Task objective - A single number is required: how many lines in the records below contain "classes".

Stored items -

↓↓↓

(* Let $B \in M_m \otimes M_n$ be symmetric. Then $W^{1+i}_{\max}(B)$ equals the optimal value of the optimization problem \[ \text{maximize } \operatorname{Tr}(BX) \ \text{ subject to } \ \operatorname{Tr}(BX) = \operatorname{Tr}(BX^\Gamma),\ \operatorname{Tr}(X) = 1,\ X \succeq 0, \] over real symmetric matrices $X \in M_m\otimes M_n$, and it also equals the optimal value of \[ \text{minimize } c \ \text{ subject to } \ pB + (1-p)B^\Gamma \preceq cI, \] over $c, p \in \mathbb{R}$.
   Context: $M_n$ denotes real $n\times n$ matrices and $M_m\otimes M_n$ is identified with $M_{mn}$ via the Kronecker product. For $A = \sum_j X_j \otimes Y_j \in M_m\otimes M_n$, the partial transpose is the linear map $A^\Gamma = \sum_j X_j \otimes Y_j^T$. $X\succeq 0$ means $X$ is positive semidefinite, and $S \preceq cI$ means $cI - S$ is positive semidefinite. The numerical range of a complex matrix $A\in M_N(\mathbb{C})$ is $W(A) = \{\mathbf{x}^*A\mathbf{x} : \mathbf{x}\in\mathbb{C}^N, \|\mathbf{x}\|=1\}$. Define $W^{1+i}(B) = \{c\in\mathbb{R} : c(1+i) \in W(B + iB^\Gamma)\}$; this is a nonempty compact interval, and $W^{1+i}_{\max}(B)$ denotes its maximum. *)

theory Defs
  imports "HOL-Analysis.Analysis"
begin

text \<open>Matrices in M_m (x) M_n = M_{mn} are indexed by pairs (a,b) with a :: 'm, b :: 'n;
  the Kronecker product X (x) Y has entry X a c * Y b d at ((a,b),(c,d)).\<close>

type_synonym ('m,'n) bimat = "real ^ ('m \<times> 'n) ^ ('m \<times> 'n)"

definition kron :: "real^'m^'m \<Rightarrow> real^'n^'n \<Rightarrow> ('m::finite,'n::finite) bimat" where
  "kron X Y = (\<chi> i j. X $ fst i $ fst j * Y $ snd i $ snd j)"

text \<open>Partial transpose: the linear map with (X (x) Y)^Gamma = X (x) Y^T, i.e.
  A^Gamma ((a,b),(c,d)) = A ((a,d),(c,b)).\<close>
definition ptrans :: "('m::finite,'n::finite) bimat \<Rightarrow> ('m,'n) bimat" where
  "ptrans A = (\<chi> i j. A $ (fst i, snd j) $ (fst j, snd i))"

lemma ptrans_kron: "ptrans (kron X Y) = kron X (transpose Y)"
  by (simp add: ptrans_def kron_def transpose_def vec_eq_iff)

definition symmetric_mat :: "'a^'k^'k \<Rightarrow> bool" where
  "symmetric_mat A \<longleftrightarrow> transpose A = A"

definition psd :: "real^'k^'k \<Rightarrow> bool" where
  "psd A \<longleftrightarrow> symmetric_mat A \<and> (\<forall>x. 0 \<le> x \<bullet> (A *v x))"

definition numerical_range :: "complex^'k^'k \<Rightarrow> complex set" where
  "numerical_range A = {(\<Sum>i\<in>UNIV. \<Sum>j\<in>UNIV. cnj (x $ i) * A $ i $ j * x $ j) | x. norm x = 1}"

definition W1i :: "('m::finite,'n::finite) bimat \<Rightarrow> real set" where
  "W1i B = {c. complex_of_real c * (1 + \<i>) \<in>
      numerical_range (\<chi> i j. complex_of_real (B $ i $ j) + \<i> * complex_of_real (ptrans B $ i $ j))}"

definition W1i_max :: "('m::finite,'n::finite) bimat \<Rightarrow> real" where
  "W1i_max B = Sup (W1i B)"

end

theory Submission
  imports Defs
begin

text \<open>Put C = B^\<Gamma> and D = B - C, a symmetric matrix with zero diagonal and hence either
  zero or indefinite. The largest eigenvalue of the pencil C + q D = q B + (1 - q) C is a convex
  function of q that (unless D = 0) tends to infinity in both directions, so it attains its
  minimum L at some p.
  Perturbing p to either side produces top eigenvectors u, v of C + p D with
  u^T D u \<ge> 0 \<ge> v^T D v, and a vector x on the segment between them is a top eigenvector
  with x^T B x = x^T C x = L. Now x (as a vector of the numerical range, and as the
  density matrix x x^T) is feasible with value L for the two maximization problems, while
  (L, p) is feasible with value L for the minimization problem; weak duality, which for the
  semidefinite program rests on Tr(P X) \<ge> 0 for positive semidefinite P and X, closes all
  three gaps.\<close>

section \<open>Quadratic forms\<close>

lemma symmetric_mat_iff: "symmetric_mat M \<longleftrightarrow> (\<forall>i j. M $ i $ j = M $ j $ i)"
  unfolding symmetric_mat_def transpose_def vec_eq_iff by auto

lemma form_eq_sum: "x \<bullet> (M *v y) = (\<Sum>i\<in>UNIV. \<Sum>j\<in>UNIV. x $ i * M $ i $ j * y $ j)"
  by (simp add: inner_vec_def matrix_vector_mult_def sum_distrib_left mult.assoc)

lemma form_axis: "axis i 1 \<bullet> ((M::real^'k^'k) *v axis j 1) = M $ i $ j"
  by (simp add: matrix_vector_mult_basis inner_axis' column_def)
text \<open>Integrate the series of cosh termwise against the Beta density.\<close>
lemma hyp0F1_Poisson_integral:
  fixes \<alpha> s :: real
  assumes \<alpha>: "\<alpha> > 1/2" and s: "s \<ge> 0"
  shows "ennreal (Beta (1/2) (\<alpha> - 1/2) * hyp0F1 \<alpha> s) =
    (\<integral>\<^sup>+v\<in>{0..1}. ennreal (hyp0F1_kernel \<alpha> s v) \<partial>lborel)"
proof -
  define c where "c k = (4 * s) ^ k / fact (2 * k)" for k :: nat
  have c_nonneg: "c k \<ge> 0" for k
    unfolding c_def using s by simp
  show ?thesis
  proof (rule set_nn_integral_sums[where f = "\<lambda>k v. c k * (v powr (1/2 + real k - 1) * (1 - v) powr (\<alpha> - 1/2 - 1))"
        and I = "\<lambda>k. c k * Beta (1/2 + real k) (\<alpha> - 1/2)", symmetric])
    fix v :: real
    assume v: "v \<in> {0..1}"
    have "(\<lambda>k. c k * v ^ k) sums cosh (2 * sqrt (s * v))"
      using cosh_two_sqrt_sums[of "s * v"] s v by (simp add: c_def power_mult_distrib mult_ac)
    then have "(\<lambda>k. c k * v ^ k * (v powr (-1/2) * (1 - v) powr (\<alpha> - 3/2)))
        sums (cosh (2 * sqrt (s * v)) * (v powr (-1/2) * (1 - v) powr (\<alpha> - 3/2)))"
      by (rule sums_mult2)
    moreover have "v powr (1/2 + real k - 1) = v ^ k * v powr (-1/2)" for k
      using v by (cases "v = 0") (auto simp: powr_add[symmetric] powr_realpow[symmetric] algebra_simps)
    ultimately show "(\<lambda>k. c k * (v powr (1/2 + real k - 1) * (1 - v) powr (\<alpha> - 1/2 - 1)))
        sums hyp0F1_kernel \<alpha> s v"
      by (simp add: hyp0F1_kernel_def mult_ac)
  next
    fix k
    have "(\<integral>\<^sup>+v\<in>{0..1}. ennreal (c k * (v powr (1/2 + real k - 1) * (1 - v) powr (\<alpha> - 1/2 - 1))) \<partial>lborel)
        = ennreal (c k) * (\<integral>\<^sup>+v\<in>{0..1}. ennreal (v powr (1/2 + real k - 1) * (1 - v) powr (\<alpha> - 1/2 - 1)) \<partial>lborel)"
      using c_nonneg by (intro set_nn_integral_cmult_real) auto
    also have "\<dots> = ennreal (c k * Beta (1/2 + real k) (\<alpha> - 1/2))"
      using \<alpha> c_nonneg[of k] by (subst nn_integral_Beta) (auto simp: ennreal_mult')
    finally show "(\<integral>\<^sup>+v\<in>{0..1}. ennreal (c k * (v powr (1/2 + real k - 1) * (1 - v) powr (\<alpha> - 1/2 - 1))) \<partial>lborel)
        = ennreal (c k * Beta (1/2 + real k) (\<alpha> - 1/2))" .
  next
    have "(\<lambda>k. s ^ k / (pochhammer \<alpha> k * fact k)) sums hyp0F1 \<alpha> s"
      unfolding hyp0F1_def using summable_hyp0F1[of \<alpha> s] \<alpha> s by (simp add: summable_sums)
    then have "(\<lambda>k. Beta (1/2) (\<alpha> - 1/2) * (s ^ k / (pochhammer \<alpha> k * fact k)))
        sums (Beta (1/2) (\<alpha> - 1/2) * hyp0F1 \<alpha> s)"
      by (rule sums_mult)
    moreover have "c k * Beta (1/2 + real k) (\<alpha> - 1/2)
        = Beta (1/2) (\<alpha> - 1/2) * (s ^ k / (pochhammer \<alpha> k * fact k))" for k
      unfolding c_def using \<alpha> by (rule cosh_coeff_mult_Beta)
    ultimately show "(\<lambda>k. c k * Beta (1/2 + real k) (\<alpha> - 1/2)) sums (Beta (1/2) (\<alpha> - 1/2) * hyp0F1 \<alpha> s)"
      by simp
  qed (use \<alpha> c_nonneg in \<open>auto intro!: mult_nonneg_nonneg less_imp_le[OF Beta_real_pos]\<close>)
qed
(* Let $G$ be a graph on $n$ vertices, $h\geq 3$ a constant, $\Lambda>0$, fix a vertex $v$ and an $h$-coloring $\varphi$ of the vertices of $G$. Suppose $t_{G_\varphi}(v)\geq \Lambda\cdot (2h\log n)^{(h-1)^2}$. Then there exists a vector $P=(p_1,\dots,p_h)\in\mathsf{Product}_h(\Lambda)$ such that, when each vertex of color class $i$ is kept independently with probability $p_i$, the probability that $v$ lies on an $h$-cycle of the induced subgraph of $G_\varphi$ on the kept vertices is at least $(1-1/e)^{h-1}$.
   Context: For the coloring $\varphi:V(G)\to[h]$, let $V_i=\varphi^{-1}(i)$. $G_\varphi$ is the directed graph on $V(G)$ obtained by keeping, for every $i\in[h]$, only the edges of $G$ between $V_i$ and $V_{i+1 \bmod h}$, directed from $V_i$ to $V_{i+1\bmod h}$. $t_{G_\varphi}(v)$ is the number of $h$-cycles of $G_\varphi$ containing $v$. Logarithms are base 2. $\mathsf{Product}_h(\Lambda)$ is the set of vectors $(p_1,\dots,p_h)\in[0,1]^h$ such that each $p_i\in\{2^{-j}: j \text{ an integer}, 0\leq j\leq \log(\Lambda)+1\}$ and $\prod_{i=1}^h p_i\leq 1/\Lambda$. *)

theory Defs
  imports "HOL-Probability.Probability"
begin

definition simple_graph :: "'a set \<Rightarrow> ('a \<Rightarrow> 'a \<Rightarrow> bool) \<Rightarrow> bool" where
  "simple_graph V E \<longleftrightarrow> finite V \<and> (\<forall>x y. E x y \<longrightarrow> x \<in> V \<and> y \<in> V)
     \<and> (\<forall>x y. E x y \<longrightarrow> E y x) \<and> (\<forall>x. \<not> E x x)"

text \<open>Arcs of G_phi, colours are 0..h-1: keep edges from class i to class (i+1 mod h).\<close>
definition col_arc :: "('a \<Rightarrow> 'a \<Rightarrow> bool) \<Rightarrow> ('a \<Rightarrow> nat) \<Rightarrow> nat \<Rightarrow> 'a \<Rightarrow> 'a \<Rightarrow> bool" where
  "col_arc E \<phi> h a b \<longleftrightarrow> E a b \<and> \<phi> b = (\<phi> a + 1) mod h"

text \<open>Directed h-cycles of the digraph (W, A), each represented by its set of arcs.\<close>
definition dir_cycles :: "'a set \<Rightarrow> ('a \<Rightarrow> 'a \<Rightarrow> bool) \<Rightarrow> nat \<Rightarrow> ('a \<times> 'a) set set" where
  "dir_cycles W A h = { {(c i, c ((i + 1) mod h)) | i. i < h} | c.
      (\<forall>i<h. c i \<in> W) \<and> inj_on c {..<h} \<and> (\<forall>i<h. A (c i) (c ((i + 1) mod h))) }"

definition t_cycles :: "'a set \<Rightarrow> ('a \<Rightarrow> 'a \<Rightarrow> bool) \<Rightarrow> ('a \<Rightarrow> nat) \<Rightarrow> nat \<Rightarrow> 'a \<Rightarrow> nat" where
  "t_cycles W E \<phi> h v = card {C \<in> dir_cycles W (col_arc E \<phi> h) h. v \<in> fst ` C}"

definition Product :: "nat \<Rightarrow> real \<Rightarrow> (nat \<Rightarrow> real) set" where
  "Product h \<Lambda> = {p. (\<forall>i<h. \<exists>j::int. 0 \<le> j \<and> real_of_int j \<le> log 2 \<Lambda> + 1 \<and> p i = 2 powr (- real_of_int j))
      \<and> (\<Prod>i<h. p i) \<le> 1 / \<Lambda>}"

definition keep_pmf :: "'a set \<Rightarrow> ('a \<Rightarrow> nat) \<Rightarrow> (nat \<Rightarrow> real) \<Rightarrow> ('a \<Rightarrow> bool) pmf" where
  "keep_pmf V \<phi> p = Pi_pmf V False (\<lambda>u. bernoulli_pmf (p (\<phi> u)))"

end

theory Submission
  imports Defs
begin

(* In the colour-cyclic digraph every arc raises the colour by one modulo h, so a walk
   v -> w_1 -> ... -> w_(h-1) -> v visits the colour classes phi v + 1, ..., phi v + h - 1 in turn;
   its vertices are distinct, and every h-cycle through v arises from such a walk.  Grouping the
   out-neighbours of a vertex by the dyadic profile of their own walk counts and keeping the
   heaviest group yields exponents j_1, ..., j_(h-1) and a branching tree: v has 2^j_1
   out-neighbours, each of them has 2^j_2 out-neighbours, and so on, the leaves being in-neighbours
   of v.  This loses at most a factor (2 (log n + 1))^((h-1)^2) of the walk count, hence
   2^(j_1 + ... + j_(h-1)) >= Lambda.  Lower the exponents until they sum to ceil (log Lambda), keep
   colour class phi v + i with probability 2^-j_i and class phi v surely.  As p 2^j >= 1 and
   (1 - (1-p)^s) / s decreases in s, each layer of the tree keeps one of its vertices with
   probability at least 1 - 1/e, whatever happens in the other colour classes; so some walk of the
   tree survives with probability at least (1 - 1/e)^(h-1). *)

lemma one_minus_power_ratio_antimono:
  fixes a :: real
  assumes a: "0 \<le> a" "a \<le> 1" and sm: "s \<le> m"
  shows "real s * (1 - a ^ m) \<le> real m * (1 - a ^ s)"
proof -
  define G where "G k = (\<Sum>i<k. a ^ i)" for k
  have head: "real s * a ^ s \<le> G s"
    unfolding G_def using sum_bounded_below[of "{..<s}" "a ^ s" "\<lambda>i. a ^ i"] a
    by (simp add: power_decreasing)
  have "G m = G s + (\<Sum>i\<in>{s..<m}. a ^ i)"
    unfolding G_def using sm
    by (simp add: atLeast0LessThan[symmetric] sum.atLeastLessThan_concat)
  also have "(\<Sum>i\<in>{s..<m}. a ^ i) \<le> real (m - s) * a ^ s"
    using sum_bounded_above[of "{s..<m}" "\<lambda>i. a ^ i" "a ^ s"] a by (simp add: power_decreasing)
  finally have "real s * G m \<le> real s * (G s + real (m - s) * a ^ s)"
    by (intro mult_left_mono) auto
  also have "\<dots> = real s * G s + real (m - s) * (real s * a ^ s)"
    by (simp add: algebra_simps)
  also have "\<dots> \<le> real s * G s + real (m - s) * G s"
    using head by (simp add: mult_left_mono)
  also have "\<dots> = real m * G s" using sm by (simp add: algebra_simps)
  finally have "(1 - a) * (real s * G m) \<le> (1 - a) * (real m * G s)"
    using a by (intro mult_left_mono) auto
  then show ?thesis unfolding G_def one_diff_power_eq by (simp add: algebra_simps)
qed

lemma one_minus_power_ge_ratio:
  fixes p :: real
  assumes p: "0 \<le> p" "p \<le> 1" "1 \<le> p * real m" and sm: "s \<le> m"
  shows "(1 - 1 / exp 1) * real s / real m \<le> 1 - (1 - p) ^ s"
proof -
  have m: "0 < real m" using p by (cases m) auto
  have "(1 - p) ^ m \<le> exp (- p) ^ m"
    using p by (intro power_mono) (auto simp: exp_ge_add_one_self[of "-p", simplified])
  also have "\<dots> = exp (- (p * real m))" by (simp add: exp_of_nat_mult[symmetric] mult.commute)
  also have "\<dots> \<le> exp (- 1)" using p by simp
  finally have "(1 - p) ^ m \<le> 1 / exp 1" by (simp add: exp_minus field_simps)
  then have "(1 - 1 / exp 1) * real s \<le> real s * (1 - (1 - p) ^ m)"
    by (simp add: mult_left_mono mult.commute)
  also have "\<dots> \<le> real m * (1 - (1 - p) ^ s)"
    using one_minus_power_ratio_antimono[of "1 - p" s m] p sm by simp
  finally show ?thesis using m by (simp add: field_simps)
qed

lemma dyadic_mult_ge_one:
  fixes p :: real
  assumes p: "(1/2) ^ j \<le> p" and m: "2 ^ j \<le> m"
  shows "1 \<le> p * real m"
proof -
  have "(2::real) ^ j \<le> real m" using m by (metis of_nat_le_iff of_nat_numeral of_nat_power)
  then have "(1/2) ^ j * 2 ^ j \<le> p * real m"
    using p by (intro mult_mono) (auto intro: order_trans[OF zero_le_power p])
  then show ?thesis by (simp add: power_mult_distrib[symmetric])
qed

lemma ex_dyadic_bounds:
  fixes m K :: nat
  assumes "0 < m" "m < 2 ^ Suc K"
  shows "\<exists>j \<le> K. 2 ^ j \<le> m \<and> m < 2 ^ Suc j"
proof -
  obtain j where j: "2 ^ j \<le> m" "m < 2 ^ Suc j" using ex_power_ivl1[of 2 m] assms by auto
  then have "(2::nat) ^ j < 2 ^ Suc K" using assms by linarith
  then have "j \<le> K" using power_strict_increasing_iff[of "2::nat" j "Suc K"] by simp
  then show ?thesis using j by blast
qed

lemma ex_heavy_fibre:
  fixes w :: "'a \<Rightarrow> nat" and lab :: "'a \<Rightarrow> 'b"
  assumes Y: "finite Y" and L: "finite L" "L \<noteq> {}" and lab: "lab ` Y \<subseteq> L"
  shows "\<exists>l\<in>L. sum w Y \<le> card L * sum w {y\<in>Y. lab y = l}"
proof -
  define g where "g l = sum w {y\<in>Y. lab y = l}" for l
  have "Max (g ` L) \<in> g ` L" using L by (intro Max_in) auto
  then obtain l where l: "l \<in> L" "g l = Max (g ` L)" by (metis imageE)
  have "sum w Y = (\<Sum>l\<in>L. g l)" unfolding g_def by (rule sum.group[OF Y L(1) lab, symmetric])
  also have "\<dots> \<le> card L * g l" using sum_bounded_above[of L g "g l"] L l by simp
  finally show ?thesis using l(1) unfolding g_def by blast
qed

↑↑↑

Exercise response - 2